▶ _TASK DESCRIPTION_
From the line containing "using \<open>0 \<le>" down to the last line of the records below, give every line again without any change.

** EXERCISE INPUTS follows **

(* Let $\Delta$ be a simplicial polytopal fan in $\mathbb{R}^d$ with ray generators $\mathbf{v}_1,\ldots,\mathbf{v}_n$, and let $\mathbf{u}^{(1)},\mathbf{u}^{(2)},\ldots\in\mathbb{S}^{d-1}$ be independently and uniformly chosen random directions. For $m\ge1$ let $U_m=(\mathbf{u}^{(1)},\ldots,\mathbf{u}^{(m)})^\mathsf{T}$. Then \[ \lim_{m\to\infty}\mathbb{P}\Big(|\hat{P}^\Delta(U_m,\mathbf{y})|=1\text{ for all }\mathbf{y}\in\mathbb{R}^m\Big)=1. \]
   Context: A fan is simplicial if every cone is generated by linearly independent vectors; polytopal if it is the normal fan of a polytope. $h_P(\mathbf{u})=\max_{\mathbf{x}\in P}\langle\mathbf{x},\mathbf{u}\rangle$. The deformation cone $\mathcal{P}(\Delta)$ is the set of polytopes whose normal fan is coarsened by $\Delta$, identified via support vectors $\mathbf{h}=(h_P(\mathbf{v}_i))_i$ with a closed polyhedral cone in $\mathbb{R}^n$. For $\mathbf{y}\in\mathbb{R}^m$, $\hat{P}^\Delta(U_m,\mathbf{y})\subseteq\mathbb{R}^n$ is the set of support vectors of polytopes $P\in\mathcal{P}(\Delta)$ minimizing $\frac1m\sum_{i=1}^m(h_P(\mathbf{u}^{(i)})-y^{(i)})^2$. *)

theory Defs
  imports "HOL-Probability.Probability"
begin

definition polyhedral_cone :: "'a::euclidean_space set \<Rightarrow> bool" where
  "polyhedral_cone C \<longleftrightarrow> (\<exists>B. finite B \<and> C = convex_cone hull B)"

definition is_fan :: "'a::euclidean_space set set \<Rightarrow> bool" where
  "is_fan F \<longleftrightarrow> finite F \<and> F \<noteq> {} \<and> (\<forall>C\<in>F. polyhedral_cone C) \<and>
     (\<forall>C\<in>F. \<forall>G. G face_of C \<and> G \<noteq> {} \<longrightarrow> G \<in> F) \<and>
     (\<forall>C\<in>F. \<forall>D\<in>F. (C \<inter> D) face_of C \<and> (C \<inter> D) face_of D)"

definition simplicial_fan :: "'a::euclidean_space set set \<Rightarrow> bool" where
  "simplicial_fan F \<longleftrightarrow> is_fan F \<and> (\<forall>C\<in>F. \<exists>B. independent B \<and> C = convex_cone hull B)"

definition is_polytope :: "'a::euclidean_space set \<Rightarrow> bool" where
  "is_polytope P \<longleftrightarrow> polytope P \<and> P \<noteq> {}"

definition support_fun :: "'a::euclidean_space set \<Rightarrow> 'a \<Rightarrow> real" where
  "support_fun P u = Sup ((\<lambda>x. x \<bullet> u) ` P)"

definition normal_cone :: "'a::euclidean_space set \<Rightarrow> 'a set \<Rightarrow> 'a set" where
  "normal_cone P F = {u. \<forall>x\<in>F. x \<bullet> u = support_fun P u}"

definition normal_fan :: "'a::euclidean_space set \<Rightarrow> 'a set set" where
  "normal_fan P = {normal_cone P G | G. G face_of P \<and> G \<noteq> {}}"

definition polytopal_fan :: "'a::euclidean_space set set \<Rightarrow> bool" where
  "polytopal_fan F \<longleftrightarrow> is_fan F \<and> (\<exists>P. is_polytope P \<and> F = normal_fan P)"

definition fan_rays :: "'a::euclidean_space set set \<Rightarrow> 'a set set" where
  "fan_rays F = {C \<in> F. dim C = 1}"

definition coarsens :: "'a::euclidean_space set set \<Rightarrow> 'a set set \<Rightarrow> bool" where
  "coarsens N F \<longleftrightarrow> (\<forall>C\<in>N. \<exists>S\<subseteq>F. C = \<Union>S)"

(* deformation cone, as a set of polytopes *)
definition deformation_polytopes :: "'a::euclidean_space set set \<Rightarrow> 'a set set" where
  "deformation_polytopes F = {P. is_polytope P \<and> coarsens (normal_fan P) F}"

definition support_vector :: "('n \<Rightarrow> 'a::euclidean_space) \<Rightarrow> 'a set \<Rightarrow> ('n \<Rightarrow> real)" where
  "support_vector v P = (\<lambda>i. support_fun P (v i))"

definition ls_loss :: "(nat \<Rightarrow> 'a::euclidean_space) \<Rightarrow> nat \<Rightarrow> (nat \<Rightarrow> real) \<Rightarrow> 'a set \<Rightarrow> real" where
  "ls_loss U m y P = (1 / real m) * (\<Sum>i<m. (support_fun P (U i) - y i)\<^sup>2)"

(* \<hat>P^\<Delta>(U_m, y): support vectors of minimizing polytopes in the deformation cone *)
definition lse :: "'a::euclidean_space set set \<Rightarrow> ('n \<Rightarrow> 'a) \<Rightarrow> (nat \<Rightarrow> 'a) \<Rightarrow> nat
                    \<Rightarrow> (nat \<Rightarrow> real) \<Rightarrow> ('n \<Rightarrow> real) set" where
  "lse F v U m y = {support_vector v P | P. P \<in> deformation_polytopes F \<and>
        (\<forall>Q \<in> deformation_polytopes F. ls_loss U m y P \<le> ls_loss U m y Q)}"

(* uniform (normalized surface) probability measure on the unit sphere S^{d-1}:
   radial projection of the uniform distribution on the unit ball *)
definition uniform_sphere :: "'a::euclidean_space measure" where
  "uniform_sphere = distr (uniform_measure lborel (ball 0 1)) borel (\<lambda>x. x /\<^sub>R norm x)"

end

theory Submission
  imports Defs
begin

text \<open>On every maximal cone (chamber) of the fan, the support function of a polytope in the
  deformation cone is linear, so \<open>h\<^sub>P(u)\<close> is a fixed linear function of the support vector
  \<open>h = (h\<^sub>P(v\<^sub>i))\<^sub>i\<close>. The least squares problem thus minimizes a convex quadratic over the
  closed convex cone of admissible support vectors, and its minimizer is unique for every \<open>y\<close>
  exactly when the sampling map \<open>h \<mapsto> (h\<^sub>P(u\<^sub>1), \<dots>, h\<^sub>P(u\<^sub>m))\<close> is injective on that cone.
  Injectivity holds as soon as every normalized ray \<open>v\<^sub>i / |v\<^sub>i|\<close> has a sample direction close
  to it: the corresponding sampling equations form a strictly diagonally dominant system. Such a
  neighbourhood of the \<open>i\<close>-th ray has some positive probability \<open>p\<^sub>i\<close> on the sphere, so the
  failure probability is at most \<open>\<Sum>\<^sub>i (1 - p\<^sub>i)\<^sup>m \<longrightarrow> 0\<close>.\<close>

section \<open>Finitely generated cones and dual bases\<close>

lemma convex_cone_sum:
  assumes "convex_cone T" "\<And>x. x \<in> A \<Longrightarrow> f x \<in> T"
  shows "sum f A \<in> T"
proof (cases "finite A")
  case True
  then show ?thesis
    using assms(2)
  proof (induction A rule: finite_induct)
    case empty then show ?case using assms(1) by (simp add: convex_cone_contains_0)
  next
    case (insert x A) then show ?case using assms(1) by (simp add: convex_cone_add)
  qed
qed (simp add: assms(1) convex_cone_contains_0)

lemma convex_cone_hull_finite:
  fixes S :: "'a::real_vector set"
  assumes "finite S"
  shows "convex_cone hull S = {\<Sum>x\<in>S. c x *\<^sub>R x | c. \<forall>x\<in>S. 0 \<le> c x}"
    (is "_ = ?C")
proof (rule hull_unique)
  show "S \<subseteq> ?C"
  proof
    fix y assume "y \<in> S"
    then have "(\<Sum>x\<in>S. (if x = y then 1 else 0) *\<^sub>R x) = (\<Sum>x\<in>S. if x = y then y else 0)"
      by (intro sum.cong) auto
    also have "\<dots> = y" using assms \<open>y \<in> S\<close> by simp
    finally have "(\<Sum>x\<in>S. (if x = y then 1 else 0) *\<^sub>R x) = y" .
    then show "y \<in> ?C"
      by (intro CollectI exI[of _ "\<lambda>x. if x = y then 1 else 0"]) auto
  qed
  show "convex_cone ?C"
    unfolding convex_cone_iff
  proof (intro conjI ballI allI impI)
    show "0 \<in> ?C" by (rule CollectI, rule exI[of _ "\<lambda>_. 0"]) simp
  next
    fix x y assume "x \<in> ?C" "y \<in> ?C"
    then obtain c d where "x = (\<Sum>x\<in>S. c x *\<^sub>R x)" "\<forall>x\<in>S. 0 \<le> c x"
      "y = (\<Sum>x\<in>S. d x *\<^sub>R x)" "\<forall>x\<in>S. 0 \<le> d x" by auto
    then show "x + y \<in> ?C"
      by (intro CollectI exI[of _ "\<lambda>x. c x + d x"]) (simp add: sum.distrib scaleR_add_left)
  next
    fix x and a :: real assume "x \<in> ?C" "0 \<le> a"
    then obtain c where "x = (\<Sum>x\<in>S. c x *\<^sub>R x)" "\<forall>x\<in>S. 0 \<le> c x" by auto
    then show "a *\<^sub>R x \<in> ?C"
      using \<open>0 \<le> a\<close> by (intro CollectI exI[of _ "\<lambda>x. a * c x"]) (simp add: scaleR_sum_right)
  qed
  fix T assume "S \<subseteq> T" "convex_cone T"
  then show "?C \<subseteq> T"
    by (auto intro!: convex_cone_sum convex_cone_scaleR)
qed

** End of EXERCISE INPUTS **

▶ _REPLY TO THE TASK_
      using \<open>0 \<le> a\<close> by (intro CollectI exI[of _ "\<lambda>x. a * c x"]) (simp add: scaleR_sum_right)
  qed
  fix T assume "S \<subseteq> T" "convex_cone T"
  then show "?C \<subseteq> T"
    by (auto intro!: convex_cone_sum convex_cone_scaleR)
qed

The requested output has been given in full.